Stored data entries:
lemma rho_bounded:
  assumes "\<xi> \<in> l2"
  shows "rho m \<xi> \<in> l2" and "l2norm (rho m \<xi>) \<le> real (2*m+1) * l2norm \<xi>"
proof -
  define w where "w k n = real (fusion_N k n m)" for k n
  have rows: "(\<Sum>n\<in>A. w k n) \<le> real (2*m+1)" for k A
    unfolding w_def by (rule sum_fusion_N_le)
  have cols: "(\<Sum>k\<in>A. w k n) \<le> real (2*m+1)" for n A
    unfolding w_def fusion_N_commute[of _ n m] by (rule sum_fusion_N_le)
  have "L2_set (\<lambda>k. cmod (rho m \<xi> k)) {..<K} \<le> real (2*m+1) * l2norm \<xi>" for K
  proof -
    let ?N = "{..K + m}"
    have "L2_set (\<lambda>k. cmod (rho m \<xi> k)) {..<K}
        \<le> L2_set (\<lambda>k. \<Sum>n\<in>?N. w k n * cmod (\<xi> n)) {..<K}"
    proof (rule L2_set_mono)
      fix k assume "k \<in> {..<K}"
      then have "rho m \<xi> k = (\<Sum>n\<in>?N. of_nat (fusion_N k n m) * \<xi> n)"
        by (intro rho_eq_sum_atMost) simp
      then show "cmod (rho m \<xi> k) \<le> (\<Sum>n\<in>?N. w k n * cmod (\<xi> n))"
        by (auto simp: w_def norm_mult intro: order.trans[OF norm_sum])
    qed simp
    also have "\<dots> \<le> sqrt ((real (2*m+1))\<^sup>2 * (\<Sum>n\<in>?N. (cmod (\<xi> n))\<^sup>2))"
      unfolding L2_set_def
      by (intro real_sqrt_le_mono Schur_test_sum rows cols) (simp add: w_def)
    also have "\<dots> = real (2*m+1) * L2_set (\<lambda>n. cmod (\<xi> n)) ?N"
      by (simp add: L2_set_def real_sqrt_mult)
    also have "\<dots> \<le> real (2*m+1) * l2norm \<xi>"
      using assms by (intro mult_left_mono L2_set_le_l2norm) auto
    finally show ?thesis .
  qed
  then show "rho m \<xi> \<in> l2" "l2norm (rho m \<xi>) \<le> real (2*m+1) * l2norm \<xi>"
    by (rule l2_if_L2_set_bounded)+
qed

lemma l2norm_rho_minus_ge:
  assumes "\<xi> \<in> l2" "l2norm \<xi> = 1" "0 \<le> D"
  shows "D - real (2*m+1) \<le> l2norm (\<lambda>k. rho m \<xi> k - of_real D * \<xi> k)"
proof -
  define \<eta> where "\<eta> = (\<lambda>k. rho m \<xi> k - of_real D * \<xi> k)"
  have "(\<lambda>k. rho m \<xi> k + (- of_real D) * \<xi> k) \<in> l2"
    using assms(1) by (intro l2_add rho_bounded l2_scale)
  then have "\<eta> \<in> l2"
    by (simp add: \<eta>_def)
  have "D = l2norm (\<lambda>k. of_real D * \<xi> k)"
    using assms by (simp add: l2_scale)
  also have "(\<lambda>k. of_real D * \<xi> k) = (\<lambda>k. rho m \<xi> k + (-1) * \<eta> k)"
    by (simp add: \<eta>_def)
  also have "l2norm \<dots> \<le> l2norm (rho m \<xi>) + l2norm (\<lambda>k. (-1) * \<eta> k)"
    using assms(1) \<open>\<eta> \<in> l2\<close> by (intro l2_add rho_bounded l2_scale)
  also have "\<dots> = l2norm (rho m \<xi>) + l2norm \<eta>"
    using l2_scale(2)[OF \<open>\<eta> \<in> l2\<close>, of "-1"] by simp
  also have "\<dots> \<le> real (2*m+1) + l2norm \<eta>"
    using rho_bounded(2)[OF assms(1), of m] assms(2) by simp
  finally show ?thesis
    by (simp add: \<eta>_def)
qed

lemma rho_1: "rho 1 \<xi> k = (if k = 0 then \<xi> 1 else \<xi> (k - 1) + \<xi> k + \<xi> (k + 1))"
proof (cases k)
  case 0
  then show ?thesis by (simp add: rho_def fusion_N_def)
next
  case (Suc j)
  have "rho 1 \<xi> k = (\<Sum>n\<in>{j, Suc j, Suc (Suc j)}. of_nat (fusion_N k n 1) * \<xi> n)"
    unfolding rho_def by (rule sum.mono_neutral_right) (auto simp: fusion_N_def Suc)
  also have "\<dots> = \<xi> j + \<xi> (Suc j) + \<xi> (Suc (Suc j))"
    by (simp add: fusion_N_def Suc) arith
  finally show ?thesis using Suc by simp
qed

definition flat_vector :: "nat \<Rightarrow> nat \<Rightarrow> complex" where
  "flat_vector N k = (if k < N then of_real (1 / sqrt (real N)) else 0)"

lemma flat_vector_unit:
  assumes "0 < N"
  shows "flat_vector N \<in> l2" and "l2norm (flat_vector N) = 1"
proof -
  have support: "(cmod (flat_vector N k))\<^sup>2 = 0" if "k \<notin> {..<N}" for k
    using that by (simp add: flat_vector_def)
  then show "flat_vector N \<in> l2"
    unfolding l2_def by (intro CollectI summable_finite[of "{..<N}"]) auto
  have "(\<Sum>k. (cmod (flat_vector N k))\<^sup>2) = (\<Sum>k<N. (cmod (flat_vector N k))\<^sup>2)"
    using support by (intro suminf_finite) auto
  also have "\<dots> = 1"
    using assms by (simp add: flat_vector_def norm_divide power_divide)
  finally show "l2norm (flat_vector N) = 1"
    by (simp add: l2norm_def)
qed
lemma normal_if_conj_h_closed:
  assumes M: "subgroup M G" and M_A: "M \<subseteq> A"
    and conj: "\<And>m. m \<in> M \<Longrightarrow> inv h \<otimes> m \<otimes> h \<in> M"
  shows "M \<lhd> G"
proof -
  have conj_pow: "inv (h [^] i) \<otimes> m \<otimes> h [^] i \<in> M" if m: "m \<in> M" for m and i :: nat
  proof (induction i)
    case 0
    then show ?case using m subgroup.mem_carrier [OF M m] by simp
  next
    case (Suc i)
    have "inv (h [^] Suc i) \<otimes> m \<otimes> h [^] Suc i = inv h \<otimes> (inv (h [^] i) \<otimes> m \<otimes> h [^] i) \<otimes> h"
      using subgroup.mem_carrier [OF M m] h_carrier by (simp add: group_cancel_simps)
    then show ?case using conj [OF Suc] by simp
  qed
  have conj_closed: "inv g \<otimes> m \<otimes> g \<in> M" if g: "g \<in> carrier G" and m: "m \<in> M" for g m
  proof -
    obtain a i where a: "a \<in> A" and g_eq: "g = a \<otimes> h [^] (i::nat)"
      using mult_pow_decomp [OF h_carrier h_notin g] by blast
    have m_A: "m \<in> A" using m M_A by blast
    have ac: "a \<in> carrier G" and mc: "m \<in> carrier G" using A_carrier a m_A by auto
    have "inv a \<otimes> m \<otimes> a = m"
      using conj_eq_mult_commutator [OF mc ac] commutator_eq_one_iff [OF mc ac] A_commute [OF m_A a] mc
      by simp
    moreover have "inv g \<otimes> m \<otimes> g = inv (h [^] i) \<otimes> (inv a \<otimes> m \<otimes> a) \<otimes> h [^] i"
      using ac mc h_carrier by (simp add: g_eq group_cancel_simps)
    ultimately show ?thesis using conj_pow [OF m] by simp
  qed
  show ?thesis
  proof (subst normal_inv_iff, intro conjI M ballI)
    fix x m assume "x \<in> carrier G" and "m \<in> M"
    then show "x \<otimes> m \<otimes> inv x \<in> M" using conj_closed [of "inv x" m] by simp
  qed
qed

lemma normal_phi_image: "phi_image k \<lhd> G"
  using normal_if_conj_h_closed [OF subgroup_phi_image phi_image_subset_A phi_image_conj_h_closed] .

lemma phi_image_subset_lower_central: "phi_image k \<subseteq> lower_central G k"
proof (induction k)
  case 0
  show ?case using A_carrier by (auto simp: phi_image_0)
next
  case (Suc k)
  show ?case
  proof
    fix y assume "y \<in> phi_image (Suc k)"
    then obtain x where "x \<in> phi_image k" and "y = phi x" by (auto simp: phi_image_Suc)
    with Suc show "y \<in> lower_central G (Suc k)"
      using commutator_in_lower_central_Suc [of x k h] h_carrier by (auto simp: phi_def)
  qed
qed

\<comment> \<open>As \<open>G = A\<langle>h\<rangle>\<close> and \<open>A\<close> is abelian, \<open>[b, g]\<close> is a product of conjugates of \<open>[b, h]\<close>.\<close>
lemma commutator_mem_if_phi_mem:
  assumes S_A: "S \<subseteq> A" and M: "M \<lhd> G" and phi_S: "\<And>b. b \<in> S \<Longrightarrow> phi b \<in> M"
    and b: "b \<in> S" and g: "g \<in> carrier G"
  shows "commutator G b g \<in> M"
proof -
  have M_sub: "subgroup M G" using M normal_imp_subgroup by blast
  have b_A: "b \<in> A" using b S_A by blast
  have bc: "b \<in> carrier G" using A_carrier [OF b_A] .
  obtain a i where a: "a \<in> A" and g_eq: "g = a \<otimes> h [^] (i::nat)"
    using mult_pow_decomp [OF h_carrier h_notin g] by blast
  have pow: "commutator G b (h [^] (j::nat)) \<in> M" for j
  proof (induction j)
    case 0
    then show ?case using bc subgroup.one_closed [OF M_sub] by (simp add: commutator_def)
  next
    case (Suc j)
    have "commutator G b (h [^] Suc j) = commutator G b h \<otimes> (inv h \<otimes> commutator G b (h [^] j) \<otimes> h)"
      using commutator_mult_right [of b "h [^] j" h] bc h_carrier by simp
    moreover have "commutator G b h \<in> M" using phi_S [OF b] by (simp add: phi_def)
    moreover have "inv h \<otimes> commutator G b (h [^] j) \<otimes> h \<in> M"
      using normal.inv_op_closed1 [OF M h_carrier Suc] .
    ultimately show ?case using subgroup.m_closed [OF M_sub] by simp
  qed
  have "commutator G b a = \<one>"
    using commutator_eq_one_iff [OF bc A_carrier [OF a]] A_commute [OF b_A a] by simp
  then have "commutator G b g = commutator G b (h [^] i)"
    using commutator_mult_right [of b a "h [^] i"] bc A_carrier [OF a] h_carrier by (simp add: g_eq)
  with pow show ?thesis by simp
qed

* **YOUR ASSIGNMENT**: The required output is the exact run of lines from the beginning of the records to the line with "unfolding w_def by (rule sum_fusion_N_le)", that line included.

* **ANSWER BELOW**:
lemma rho_bounded:
  assumes "\<xi> \<in> l2"
  shows "rho m \<xi> \<in> l2" and "l2norm (rho m \<xi>) \<le> real (2*m+1) * l2norm \<xi>"
proof -
  define w where "w k n = real (fusion_N k n m)" for k n
  have rows: "(\<Sum>n\<in>A. w k n) \<le> real (2*m+1)" for k A
    unfolding w_def by (rule sum_fusion_N_le)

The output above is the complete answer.